*DATA RECORDS:*
+ + +

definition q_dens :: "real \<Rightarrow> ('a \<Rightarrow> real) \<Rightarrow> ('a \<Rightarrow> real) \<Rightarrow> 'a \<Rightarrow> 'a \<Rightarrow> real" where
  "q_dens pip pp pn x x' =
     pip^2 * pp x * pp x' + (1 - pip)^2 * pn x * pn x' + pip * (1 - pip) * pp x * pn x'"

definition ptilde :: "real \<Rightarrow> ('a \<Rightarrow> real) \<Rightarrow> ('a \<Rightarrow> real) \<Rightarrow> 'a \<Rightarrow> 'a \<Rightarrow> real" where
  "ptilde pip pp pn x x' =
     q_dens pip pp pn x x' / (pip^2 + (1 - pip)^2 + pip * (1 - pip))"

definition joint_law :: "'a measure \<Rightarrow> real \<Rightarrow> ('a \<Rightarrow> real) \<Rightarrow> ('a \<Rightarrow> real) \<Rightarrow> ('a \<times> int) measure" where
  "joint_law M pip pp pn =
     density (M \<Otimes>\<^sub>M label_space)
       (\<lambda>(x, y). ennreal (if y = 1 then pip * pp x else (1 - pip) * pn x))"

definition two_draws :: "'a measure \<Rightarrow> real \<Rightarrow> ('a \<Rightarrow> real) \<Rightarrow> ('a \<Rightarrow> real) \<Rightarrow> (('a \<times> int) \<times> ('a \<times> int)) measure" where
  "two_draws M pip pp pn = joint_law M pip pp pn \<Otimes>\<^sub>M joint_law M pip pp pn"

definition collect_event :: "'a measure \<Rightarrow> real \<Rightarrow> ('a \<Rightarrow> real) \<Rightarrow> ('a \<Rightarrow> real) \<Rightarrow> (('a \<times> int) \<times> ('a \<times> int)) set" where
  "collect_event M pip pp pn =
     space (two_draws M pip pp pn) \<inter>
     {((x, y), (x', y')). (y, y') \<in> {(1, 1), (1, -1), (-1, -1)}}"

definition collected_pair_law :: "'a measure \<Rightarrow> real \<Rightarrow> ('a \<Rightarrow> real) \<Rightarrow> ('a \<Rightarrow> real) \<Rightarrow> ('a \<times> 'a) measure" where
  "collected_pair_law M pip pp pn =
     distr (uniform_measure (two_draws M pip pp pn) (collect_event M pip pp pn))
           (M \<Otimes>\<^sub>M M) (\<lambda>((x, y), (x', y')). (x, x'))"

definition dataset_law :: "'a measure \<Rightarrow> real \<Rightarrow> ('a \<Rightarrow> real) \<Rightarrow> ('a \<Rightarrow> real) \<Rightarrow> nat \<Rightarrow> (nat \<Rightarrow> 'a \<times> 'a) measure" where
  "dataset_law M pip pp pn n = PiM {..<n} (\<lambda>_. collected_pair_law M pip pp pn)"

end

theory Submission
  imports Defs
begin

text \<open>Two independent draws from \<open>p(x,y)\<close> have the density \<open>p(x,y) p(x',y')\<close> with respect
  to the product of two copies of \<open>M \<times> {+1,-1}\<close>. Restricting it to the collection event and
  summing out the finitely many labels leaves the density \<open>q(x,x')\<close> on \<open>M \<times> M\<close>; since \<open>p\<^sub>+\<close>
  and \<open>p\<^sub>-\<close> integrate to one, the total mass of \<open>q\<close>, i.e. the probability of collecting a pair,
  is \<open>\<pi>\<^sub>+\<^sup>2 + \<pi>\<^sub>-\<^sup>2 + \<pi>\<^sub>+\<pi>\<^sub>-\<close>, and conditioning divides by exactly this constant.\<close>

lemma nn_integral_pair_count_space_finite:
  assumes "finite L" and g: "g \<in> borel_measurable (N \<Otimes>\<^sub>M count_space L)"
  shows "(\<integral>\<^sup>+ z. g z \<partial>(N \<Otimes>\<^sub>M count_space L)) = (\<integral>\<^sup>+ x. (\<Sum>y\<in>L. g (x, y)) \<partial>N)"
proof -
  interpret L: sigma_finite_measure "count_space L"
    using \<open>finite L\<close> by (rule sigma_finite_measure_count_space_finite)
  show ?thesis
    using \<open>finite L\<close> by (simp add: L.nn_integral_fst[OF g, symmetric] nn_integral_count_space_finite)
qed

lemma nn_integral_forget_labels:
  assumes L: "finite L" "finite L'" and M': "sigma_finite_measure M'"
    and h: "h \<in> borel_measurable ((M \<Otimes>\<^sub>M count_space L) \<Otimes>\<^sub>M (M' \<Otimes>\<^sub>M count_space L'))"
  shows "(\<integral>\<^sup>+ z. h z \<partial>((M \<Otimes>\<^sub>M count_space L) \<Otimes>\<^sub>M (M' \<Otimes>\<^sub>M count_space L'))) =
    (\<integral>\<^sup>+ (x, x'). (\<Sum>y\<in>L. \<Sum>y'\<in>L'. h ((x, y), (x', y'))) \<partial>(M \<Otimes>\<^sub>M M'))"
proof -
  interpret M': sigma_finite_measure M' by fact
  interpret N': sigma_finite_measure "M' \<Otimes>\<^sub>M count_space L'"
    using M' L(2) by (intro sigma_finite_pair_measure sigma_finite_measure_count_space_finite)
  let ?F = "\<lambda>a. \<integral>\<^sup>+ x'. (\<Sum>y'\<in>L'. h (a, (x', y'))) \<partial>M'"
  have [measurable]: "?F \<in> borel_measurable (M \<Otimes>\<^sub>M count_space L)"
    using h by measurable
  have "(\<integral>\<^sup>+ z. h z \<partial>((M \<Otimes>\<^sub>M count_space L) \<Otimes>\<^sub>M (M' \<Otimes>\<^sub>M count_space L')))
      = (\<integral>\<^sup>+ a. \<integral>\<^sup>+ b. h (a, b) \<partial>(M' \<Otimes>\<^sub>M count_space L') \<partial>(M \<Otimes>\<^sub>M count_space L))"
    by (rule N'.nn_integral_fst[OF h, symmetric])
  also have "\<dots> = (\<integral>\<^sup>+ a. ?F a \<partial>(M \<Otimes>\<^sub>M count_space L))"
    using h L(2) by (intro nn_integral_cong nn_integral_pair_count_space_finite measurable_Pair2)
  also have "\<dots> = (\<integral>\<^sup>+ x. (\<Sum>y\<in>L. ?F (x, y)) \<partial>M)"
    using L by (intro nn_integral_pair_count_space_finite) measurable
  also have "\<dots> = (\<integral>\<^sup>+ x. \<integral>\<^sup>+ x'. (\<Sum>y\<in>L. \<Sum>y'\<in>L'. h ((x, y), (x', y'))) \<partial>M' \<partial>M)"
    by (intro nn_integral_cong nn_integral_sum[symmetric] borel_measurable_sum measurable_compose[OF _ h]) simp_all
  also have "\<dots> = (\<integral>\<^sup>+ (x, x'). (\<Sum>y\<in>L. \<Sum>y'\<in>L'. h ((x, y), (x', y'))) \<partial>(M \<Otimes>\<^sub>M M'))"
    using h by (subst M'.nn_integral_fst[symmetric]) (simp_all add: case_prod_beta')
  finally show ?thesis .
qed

+ + +

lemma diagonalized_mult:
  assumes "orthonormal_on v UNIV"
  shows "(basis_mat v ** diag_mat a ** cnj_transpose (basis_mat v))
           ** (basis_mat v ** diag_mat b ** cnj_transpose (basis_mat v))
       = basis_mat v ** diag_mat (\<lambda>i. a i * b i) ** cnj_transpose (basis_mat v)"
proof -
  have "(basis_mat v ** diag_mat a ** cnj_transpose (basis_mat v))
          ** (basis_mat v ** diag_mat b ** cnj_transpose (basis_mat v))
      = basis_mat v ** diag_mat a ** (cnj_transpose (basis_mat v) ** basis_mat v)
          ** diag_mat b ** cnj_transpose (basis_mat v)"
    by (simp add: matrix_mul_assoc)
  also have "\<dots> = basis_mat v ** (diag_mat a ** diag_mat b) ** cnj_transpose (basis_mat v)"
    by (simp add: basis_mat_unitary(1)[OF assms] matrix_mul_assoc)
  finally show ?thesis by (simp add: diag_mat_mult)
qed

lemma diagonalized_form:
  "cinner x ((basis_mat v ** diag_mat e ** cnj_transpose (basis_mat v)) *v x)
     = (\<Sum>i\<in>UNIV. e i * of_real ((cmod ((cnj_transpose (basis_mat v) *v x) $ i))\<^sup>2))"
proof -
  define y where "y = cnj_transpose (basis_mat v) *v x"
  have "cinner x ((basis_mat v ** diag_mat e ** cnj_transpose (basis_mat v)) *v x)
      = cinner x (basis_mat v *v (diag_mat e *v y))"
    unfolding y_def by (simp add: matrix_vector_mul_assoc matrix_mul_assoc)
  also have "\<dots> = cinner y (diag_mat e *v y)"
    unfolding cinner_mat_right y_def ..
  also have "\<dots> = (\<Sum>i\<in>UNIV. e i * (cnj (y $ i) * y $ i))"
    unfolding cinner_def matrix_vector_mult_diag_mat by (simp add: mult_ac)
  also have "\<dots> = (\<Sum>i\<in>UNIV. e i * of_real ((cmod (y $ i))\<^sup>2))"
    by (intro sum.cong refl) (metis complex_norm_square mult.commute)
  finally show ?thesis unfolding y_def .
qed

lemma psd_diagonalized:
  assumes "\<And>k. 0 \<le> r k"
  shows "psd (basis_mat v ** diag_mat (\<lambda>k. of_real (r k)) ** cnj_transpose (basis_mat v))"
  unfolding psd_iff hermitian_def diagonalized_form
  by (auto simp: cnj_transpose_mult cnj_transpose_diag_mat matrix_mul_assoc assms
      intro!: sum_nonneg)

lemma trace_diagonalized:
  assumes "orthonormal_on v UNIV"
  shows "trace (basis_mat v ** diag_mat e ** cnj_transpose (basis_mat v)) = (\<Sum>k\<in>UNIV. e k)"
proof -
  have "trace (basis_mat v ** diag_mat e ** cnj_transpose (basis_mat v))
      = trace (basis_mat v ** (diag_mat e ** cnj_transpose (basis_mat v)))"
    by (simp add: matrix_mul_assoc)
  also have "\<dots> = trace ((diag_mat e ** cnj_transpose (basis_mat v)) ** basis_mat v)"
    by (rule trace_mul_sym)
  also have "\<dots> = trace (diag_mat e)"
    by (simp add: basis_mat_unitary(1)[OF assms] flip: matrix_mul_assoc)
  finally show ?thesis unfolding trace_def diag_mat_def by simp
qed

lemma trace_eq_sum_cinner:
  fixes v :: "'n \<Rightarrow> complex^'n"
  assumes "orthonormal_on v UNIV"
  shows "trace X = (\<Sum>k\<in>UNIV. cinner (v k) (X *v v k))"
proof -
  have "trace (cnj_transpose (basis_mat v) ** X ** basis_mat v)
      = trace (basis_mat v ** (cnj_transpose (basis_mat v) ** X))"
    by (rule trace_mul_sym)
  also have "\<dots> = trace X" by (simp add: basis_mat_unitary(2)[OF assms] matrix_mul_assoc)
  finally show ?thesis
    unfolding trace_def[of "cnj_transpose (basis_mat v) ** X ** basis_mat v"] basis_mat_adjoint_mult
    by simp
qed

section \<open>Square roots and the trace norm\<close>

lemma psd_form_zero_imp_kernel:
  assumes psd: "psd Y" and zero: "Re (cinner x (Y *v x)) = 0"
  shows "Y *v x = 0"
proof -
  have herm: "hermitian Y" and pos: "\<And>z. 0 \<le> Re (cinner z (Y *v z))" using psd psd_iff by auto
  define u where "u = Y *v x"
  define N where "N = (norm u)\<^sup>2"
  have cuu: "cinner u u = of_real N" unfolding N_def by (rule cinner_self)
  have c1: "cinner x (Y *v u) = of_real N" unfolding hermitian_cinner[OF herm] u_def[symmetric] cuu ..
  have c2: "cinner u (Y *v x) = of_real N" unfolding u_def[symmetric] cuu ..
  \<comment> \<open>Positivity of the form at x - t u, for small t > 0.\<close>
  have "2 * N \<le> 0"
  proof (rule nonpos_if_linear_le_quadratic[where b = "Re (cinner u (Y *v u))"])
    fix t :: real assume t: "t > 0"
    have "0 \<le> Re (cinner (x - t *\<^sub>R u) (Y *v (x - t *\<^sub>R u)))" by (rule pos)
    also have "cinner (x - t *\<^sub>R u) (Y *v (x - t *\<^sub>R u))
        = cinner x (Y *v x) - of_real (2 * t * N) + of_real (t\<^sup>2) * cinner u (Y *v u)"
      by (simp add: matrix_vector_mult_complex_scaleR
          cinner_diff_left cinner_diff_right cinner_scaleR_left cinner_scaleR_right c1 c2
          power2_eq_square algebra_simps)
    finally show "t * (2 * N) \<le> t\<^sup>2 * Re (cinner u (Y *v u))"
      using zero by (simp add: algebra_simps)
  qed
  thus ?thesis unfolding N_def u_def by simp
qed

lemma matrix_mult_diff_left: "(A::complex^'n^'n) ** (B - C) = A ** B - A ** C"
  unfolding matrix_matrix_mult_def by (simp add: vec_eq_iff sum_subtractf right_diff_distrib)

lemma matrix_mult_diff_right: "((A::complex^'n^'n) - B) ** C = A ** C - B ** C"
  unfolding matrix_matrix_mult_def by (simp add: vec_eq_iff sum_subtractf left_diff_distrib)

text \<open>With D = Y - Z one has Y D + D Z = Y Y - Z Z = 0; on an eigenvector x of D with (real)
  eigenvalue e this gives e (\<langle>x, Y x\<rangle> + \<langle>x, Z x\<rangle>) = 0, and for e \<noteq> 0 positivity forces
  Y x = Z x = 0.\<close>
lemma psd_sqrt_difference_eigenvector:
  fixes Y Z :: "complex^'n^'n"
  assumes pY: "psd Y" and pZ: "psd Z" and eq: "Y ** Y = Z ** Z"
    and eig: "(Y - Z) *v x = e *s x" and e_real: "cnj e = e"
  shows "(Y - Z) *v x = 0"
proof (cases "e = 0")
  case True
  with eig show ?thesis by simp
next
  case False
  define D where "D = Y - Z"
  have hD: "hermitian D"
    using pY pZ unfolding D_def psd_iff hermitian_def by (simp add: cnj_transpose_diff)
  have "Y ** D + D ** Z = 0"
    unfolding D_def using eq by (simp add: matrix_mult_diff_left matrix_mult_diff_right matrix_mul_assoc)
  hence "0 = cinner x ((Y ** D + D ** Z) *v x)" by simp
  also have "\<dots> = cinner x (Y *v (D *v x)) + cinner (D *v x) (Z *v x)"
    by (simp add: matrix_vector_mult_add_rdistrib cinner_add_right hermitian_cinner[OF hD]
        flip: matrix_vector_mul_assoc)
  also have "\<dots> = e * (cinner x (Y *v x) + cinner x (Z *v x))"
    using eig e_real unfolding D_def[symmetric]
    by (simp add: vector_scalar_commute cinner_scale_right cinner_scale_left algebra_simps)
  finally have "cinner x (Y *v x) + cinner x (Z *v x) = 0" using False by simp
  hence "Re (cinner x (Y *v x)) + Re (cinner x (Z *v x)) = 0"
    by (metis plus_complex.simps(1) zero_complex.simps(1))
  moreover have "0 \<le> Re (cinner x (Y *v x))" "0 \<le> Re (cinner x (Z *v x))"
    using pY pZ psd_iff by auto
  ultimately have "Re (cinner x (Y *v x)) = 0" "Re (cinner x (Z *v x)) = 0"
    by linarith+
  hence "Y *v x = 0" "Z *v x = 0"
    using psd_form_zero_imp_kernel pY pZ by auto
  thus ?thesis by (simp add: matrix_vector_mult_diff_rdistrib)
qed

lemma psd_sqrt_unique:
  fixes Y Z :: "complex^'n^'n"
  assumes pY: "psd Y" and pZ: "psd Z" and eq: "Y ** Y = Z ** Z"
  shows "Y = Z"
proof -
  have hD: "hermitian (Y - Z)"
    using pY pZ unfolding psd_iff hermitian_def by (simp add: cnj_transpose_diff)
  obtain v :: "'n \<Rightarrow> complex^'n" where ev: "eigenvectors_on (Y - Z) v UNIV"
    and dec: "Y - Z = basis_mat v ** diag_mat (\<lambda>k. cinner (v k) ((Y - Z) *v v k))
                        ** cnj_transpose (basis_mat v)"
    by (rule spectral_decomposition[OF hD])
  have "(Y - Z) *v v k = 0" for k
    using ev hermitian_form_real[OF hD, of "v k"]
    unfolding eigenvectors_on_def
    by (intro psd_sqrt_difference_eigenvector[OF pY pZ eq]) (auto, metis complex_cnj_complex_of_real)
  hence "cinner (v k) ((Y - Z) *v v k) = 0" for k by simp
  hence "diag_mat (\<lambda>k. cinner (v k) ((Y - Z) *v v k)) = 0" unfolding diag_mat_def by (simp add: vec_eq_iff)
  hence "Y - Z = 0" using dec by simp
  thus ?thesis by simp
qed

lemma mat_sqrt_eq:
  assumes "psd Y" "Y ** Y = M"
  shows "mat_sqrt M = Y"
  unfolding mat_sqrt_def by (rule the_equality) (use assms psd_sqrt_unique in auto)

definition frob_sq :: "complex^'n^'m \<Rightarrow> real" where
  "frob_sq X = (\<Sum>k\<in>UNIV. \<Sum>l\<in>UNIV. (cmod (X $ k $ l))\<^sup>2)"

+ + +

*DIRECTIONS:* All that belongs in the answer is the run of lines above from the line containing "space (two_draws M pip pp pn) \<inter>" through the line containing "(M \<Otimes>\<^sub>M M)", exactly as written.

*FINAL ANSWER:*
     space (two_draws M pip pp pn) \<inter>
     {((x, y), (x', y')). (y, y') \<in> {(1, 1), (1, -1), (-1, -1)}}"

definition collected_pair_law :: "'a measure \<Rightarrow> real \<Rightarrow> ('a \<Rightarrow> real) \<Rightarrow> ('a \<Rightarrow> real) \<Rightarrow> ('a \<times> 'a) measure" where
  "collected_pair_law M pip pp pn =
     distr (uniform_measure (two_draws M pip pp pn) (collect_event M pip pp pn))
           (M \<Otimes>\<^sub>M M) (\<lambda>((x, y), (x', y')). (x, x'))"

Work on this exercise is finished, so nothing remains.